◆ **EXERCISE OBJECTIVE**: How many lines below hold the string "fixes"? Report that number alone.

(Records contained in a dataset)
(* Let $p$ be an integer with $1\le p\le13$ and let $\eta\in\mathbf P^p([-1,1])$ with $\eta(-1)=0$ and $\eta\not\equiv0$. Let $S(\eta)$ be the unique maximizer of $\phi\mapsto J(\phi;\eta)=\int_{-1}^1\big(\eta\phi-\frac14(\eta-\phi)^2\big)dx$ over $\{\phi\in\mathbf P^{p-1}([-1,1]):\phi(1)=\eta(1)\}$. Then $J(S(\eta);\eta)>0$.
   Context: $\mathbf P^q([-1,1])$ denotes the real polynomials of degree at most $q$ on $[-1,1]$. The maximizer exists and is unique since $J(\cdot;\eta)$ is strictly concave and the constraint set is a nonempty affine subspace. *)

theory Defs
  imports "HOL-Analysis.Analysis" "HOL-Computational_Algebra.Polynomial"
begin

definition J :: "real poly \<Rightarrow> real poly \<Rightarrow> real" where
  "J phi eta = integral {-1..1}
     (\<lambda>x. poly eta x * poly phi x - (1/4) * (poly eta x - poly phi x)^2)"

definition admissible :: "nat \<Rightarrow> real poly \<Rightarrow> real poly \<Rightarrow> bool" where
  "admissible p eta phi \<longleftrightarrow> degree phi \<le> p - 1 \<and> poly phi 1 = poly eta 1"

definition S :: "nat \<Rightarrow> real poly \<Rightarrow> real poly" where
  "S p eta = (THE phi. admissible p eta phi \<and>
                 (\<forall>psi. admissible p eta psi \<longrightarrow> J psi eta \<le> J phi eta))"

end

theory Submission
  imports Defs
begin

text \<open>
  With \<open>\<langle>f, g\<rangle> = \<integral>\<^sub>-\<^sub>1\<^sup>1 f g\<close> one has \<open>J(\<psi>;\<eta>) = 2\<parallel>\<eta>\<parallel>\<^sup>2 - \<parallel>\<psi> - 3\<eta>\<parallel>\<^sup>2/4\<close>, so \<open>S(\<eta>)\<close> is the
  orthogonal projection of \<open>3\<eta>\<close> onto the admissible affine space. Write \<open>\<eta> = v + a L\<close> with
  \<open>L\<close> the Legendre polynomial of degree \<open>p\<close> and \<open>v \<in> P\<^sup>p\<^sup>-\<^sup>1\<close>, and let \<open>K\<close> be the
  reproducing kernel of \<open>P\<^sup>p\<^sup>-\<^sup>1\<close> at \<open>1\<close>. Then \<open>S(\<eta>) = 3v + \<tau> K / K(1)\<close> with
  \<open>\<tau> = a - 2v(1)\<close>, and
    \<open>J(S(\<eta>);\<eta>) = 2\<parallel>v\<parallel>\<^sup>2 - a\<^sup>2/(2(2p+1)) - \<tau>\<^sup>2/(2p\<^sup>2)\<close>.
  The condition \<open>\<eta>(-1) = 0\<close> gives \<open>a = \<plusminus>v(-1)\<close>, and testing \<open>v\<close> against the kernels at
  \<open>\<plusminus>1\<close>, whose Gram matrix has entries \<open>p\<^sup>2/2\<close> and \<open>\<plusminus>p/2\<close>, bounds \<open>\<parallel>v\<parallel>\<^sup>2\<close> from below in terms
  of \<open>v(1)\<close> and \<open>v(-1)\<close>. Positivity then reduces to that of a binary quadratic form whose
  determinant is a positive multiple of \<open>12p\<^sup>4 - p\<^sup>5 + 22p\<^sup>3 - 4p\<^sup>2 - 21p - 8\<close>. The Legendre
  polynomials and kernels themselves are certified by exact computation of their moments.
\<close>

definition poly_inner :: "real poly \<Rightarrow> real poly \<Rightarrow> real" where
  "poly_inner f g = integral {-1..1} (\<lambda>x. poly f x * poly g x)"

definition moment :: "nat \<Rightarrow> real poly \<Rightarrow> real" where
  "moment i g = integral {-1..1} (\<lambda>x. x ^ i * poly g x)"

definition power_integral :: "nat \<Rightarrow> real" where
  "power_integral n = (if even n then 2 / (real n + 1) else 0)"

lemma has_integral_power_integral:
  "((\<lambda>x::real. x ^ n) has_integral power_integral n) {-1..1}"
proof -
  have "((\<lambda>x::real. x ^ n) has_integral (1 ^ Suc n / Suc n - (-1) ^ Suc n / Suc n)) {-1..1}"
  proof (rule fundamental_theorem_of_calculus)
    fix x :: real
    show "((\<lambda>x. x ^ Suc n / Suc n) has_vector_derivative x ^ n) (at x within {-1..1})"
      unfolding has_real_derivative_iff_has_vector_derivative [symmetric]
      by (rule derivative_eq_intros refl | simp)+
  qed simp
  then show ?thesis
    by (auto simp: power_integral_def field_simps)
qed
* * *
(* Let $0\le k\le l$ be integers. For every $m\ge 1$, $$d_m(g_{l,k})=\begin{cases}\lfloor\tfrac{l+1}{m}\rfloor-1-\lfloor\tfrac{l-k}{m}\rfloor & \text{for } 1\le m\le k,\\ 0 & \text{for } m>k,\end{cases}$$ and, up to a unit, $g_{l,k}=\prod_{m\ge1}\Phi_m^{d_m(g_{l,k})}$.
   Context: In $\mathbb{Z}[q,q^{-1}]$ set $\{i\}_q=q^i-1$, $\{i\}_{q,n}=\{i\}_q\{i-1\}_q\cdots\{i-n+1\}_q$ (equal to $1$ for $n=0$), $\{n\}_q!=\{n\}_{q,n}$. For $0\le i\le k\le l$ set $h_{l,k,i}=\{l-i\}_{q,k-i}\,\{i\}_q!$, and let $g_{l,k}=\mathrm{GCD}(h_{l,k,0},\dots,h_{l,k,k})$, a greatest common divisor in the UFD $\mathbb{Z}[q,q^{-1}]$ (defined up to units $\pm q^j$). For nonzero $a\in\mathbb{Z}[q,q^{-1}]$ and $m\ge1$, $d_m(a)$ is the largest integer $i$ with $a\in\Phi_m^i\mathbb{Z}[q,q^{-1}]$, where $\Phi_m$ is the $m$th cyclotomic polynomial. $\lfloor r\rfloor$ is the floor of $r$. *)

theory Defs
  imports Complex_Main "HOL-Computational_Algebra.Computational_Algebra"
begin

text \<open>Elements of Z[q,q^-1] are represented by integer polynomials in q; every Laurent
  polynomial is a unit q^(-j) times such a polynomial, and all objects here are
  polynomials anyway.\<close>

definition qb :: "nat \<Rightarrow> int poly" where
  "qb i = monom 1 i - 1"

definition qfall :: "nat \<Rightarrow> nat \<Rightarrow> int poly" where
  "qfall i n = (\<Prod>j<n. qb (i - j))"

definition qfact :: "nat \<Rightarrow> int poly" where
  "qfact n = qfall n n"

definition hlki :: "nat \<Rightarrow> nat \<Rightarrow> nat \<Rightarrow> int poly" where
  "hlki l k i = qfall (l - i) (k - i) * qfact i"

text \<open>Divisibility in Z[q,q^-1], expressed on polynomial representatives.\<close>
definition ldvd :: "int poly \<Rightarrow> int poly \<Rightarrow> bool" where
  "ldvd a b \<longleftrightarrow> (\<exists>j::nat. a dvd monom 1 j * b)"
==
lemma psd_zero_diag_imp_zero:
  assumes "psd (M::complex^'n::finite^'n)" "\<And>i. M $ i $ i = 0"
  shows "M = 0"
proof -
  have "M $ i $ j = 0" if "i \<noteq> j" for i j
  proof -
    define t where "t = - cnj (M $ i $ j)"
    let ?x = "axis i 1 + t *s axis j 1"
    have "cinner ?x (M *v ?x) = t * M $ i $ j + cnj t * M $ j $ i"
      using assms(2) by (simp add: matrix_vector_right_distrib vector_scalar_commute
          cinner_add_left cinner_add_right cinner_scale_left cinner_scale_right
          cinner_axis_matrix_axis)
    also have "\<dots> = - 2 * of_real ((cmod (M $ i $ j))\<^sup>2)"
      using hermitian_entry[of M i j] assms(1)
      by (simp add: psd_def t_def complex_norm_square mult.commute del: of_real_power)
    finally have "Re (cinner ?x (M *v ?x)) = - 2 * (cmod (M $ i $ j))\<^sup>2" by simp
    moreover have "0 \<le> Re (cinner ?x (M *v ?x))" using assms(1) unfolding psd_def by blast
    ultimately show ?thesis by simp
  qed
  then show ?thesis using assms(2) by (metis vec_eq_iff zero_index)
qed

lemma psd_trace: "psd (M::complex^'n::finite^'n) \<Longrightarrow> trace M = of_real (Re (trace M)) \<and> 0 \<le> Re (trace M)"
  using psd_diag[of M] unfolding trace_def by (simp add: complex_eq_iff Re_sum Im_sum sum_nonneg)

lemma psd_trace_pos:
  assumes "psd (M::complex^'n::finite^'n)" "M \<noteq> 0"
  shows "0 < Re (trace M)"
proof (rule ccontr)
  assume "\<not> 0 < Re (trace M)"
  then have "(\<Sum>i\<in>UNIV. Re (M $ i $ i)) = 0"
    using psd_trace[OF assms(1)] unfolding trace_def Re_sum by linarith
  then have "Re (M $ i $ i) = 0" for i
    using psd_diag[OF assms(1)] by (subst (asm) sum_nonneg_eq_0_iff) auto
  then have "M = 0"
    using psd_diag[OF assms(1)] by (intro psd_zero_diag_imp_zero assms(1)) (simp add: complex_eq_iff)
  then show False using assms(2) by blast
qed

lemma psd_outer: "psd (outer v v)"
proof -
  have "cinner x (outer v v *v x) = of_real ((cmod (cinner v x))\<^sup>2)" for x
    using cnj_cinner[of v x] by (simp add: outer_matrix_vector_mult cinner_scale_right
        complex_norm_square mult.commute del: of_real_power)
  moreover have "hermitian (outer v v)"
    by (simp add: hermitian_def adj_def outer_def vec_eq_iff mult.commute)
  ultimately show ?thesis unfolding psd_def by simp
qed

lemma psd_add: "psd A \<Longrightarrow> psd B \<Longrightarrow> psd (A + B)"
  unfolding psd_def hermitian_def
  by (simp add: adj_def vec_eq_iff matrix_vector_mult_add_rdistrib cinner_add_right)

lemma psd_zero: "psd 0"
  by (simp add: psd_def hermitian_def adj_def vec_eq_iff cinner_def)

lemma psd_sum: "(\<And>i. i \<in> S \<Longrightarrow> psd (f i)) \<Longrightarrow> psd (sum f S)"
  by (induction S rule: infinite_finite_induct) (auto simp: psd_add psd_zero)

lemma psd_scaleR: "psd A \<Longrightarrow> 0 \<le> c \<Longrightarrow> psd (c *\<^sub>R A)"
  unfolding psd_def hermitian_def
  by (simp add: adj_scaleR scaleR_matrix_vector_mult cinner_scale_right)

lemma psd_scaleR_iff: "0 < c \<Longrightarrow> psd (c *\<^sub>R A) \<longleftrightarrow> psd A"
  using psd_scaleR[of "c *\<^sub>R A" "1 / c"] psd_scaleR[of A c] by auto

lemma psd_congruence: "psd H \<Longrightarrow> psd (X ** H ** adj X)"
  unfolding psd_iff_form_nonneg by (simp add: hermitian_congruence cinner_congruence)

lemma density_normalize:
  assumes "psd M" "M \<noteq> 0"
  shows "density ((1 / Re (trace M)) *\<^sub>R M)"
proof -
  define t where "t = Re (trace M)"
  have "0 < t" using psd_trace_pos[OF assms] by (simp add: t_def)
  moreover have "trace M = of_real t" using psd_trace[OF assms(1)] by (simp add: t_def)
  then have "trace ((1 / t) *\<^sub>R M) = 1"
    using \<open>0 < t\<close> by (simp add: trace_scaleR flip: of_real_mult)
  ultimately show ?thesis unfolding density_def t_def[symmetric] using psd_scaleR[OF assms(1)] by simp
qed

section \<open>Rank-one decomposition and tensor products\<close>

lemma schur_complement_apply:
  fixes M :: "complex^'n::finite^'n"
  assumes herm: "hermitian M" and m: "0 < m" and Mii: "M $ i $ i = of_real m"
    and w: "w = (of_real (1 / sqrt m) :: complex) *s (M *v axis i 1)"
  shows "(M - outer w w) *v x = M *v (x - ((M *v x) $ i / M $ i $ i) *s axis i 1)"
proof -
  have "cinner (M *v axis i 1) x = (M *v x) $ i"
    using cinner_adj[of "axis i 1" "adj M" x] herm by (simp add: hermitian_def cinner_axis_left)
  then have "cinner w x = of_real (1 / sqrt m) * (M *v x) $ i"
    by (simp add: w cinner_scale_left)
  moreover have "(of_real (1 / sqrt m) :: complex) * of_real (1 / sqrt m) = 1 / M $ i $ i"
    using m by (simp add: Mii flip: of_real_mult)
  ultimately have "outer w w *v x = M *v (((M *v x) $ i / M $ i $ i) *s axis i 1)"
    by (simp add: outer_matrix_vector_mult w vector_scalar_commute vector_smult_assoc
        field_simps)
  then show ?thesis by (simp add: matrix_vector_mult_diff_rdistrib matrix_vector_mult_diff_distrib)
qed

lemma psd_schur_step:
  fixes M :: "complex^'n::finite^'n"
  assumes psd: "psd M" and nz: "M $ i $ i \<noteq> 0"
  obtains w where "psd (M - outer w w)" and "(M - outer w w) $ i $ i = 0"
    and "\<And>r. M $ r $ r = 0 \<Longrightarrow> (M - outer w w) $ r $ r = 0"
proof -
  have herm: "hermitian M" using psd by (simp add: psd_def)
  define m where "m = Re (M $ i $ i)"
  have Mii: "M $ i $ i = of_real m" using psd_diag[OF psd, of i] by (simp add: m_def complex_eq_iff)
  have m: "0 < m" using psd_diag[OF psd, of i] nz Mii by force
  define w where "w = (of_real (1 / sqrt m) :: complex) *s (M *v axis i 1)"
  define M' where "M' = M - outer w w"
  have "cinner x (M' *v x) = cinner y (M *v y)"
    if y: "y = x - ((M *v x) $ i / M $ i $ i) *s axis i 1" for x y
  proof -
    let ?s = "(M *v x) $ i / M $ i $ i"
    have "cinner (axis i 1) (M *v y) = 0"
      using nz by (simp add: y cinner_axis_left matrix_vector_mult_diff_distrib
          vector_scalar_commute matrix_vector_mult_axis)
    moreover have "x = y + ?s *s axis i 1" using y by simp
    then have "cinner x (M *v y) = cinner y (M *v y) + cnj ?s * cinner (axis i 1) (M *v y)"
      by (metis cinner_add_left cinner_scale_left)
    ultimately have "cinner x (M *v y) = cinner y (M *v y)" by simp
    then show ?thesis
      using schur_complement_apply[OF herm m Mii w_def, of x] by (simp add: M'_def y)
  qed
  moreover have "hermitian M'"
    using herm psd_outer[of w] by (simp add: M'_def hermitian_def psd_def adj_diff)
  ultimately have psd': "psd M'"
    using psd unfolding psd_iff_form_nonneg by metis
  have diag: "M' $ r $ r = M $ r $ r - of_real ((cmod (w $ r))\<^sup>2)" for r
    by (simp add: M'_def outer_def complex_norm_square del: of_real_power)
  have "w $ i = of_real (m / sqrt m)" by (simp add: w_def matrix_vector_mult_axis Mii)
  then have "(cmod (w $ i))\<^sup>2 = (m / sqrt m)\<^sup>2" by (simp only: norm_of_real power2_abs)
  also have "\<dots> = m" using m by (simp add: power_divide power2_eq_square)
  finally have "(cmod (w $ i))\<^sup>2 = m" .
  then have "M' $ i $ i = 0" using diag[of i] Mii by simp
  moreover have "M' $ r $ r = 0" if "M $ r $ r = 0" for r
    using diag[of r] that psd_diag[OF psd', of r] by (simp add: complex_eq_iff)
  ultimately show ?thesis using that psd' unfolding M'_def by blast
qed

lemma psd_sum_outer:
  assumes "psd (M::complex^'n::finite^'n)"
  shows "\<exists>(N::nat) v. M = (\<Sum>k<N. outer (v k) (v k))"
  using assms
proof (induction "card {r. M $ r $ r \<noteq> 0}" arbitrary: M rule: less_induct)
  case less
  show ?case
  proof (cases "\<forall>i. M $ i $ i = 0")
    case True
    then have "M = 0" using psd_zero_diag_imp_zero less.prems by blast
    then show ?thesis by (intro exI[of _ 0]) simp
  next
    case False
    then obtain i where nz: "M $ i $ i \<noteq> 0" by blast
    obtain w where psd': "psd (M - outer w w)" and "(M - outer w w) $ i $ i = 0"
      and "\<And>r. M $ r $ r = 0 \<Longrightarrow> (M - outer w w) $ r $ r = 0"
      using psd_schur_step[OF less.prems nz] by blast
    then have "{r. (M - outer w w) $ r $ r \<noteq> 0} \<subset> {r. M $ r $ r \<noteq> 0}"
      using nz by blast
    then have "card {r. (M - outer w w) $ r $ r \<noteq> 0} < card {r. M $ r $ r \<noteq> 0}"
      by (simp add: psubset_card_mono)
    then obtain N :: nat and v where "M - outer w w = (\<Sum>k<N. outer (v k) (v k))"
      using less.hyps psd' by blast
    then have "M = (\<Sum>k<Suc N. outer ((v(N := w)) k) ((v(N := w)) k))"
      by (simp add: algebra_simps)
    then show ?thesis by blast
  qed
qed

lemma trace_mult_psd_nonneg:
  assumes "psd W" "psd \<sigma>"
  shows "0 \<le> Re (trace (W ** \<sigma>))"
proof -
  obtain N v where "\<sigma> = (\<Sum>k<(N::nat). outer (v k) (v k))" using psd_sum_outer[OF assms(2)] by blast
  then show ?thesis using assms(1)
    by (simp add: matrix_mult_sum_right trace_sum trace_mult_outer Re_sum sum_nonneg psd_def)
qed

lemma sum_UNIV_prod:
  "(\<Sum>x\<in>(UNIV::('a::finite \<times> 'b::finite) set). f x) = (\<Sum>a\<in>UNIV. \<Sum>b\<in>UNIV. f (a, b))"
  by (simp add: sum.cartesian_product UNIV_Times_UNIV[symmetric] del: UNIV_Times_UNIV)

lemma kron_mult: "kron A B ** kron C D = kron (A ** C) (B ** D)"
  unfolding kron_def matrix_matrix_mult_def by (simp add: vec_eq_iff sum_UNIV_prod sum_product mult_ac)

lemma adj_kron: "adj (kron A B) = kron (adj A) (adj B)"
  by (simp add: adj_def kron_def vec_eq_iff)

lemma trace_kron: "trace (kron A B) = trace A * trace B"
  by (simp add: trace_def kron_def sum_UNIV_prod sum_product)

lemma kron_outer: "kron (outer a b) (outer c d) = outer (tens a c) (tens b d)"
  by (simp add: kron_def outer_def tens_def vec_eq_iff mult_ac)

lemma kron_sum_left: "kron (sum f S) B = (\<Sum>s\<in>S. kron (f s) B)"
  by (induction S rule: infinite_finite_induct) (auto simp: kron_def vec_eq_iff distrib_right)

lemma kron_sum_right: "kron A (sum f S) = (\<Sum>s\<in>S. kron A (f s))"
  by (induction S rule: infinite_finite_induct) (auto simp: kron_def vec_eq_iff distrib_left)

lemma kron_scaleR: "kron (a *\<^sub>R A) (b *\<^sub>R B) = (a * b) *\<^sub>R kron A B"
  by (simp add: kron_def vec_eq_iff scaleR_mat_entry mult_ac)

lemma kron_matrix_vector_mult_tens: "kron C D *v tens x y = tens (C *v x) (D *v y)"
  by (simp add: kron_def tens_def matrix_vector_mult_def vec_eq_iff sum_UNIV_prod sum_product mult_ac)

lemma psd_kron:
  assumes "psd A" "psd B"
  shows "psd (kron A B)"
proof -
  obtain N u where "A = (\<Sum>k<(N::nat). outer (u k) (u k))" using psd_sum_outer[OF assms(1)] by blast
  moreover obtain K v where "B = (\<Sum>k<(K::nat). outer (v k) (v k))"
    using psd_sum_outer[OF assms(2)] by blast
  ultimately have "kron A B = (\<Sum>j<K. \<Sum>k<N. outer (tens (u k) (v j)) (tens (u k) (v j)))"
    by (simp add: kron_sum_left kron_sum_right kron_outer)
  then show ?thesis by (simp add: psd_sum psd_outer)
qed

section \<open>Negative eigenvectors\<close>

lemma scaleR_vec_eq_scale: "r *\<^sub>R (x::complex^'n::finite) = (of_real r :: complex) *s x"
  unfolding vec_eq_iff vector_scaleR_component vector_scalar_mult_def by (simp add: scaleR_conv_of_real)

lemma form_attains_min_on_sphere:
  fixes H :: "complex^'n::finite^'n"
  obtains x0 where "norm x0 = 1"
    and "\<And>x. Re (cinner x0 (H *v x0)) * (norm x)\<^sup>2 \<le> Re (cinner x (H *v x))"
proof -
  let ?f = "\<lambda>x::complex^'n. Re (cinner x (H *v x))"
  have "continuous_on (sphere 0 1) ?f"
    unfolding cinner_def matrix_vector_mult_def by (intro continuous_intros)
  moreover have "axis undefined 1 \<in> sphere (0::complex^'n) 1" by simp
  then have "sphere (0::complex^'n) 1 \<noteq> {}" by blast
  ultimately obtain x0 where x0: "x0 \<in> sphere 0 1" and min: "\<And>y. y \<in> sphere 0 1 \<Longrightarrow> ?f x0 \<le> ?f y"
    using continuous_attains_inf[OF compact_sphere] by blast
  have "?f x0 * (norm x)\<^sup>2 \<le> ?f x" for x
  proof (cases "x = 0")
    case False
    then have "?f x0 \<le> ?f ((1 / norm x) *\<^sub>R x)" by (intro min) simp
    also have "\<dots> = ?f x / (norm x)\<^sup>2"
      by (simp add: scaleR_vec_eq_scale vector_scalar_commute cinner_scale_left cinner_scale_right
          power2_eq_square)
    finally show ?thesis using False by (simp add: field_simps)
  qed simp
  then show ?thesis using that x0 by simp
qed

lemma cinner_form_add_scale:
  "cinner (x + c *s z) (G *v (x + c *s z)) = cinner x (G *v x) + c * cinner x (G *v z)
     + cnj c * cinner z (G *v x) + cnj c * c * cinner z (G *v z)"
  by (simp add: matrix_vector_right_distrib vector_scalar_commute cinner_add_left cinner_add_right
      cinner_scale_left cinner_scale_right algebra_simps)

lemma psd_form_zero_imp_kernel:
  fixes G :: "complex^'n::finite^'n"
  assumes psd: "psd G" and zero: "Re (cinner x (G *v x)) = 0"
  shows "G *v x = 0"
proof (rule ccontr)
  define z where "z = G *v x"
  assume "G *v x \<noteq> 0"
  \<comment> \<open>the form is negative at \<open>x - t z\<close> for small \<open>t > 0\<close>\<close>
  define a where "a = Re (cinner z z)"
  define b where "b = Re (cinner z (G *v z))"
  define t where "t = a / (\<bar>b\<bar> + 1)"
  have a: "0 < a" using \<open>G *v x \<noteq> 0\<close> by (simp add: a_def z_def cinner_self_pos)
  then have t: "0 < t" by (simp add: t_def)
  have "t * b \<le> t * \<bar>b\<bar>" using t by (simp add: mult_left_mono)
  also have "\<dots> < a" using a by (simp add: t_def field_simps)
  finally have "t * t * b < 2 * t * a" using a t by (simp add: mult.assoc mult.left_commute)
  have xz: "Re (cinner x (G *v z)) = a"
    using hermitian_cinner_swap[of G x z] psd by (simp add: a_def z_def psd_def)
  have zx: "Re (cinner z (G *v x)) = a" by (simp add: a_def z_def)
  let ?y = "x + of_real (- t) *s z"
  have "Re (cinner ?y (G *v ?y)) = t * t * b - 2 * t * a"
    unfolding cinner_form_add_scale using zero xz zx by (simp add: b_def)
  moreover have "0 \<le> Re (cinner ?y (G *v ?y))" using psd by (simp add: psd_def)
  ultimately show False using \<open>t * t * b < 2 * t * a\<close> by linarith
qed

◆ **RESPONSE**: 4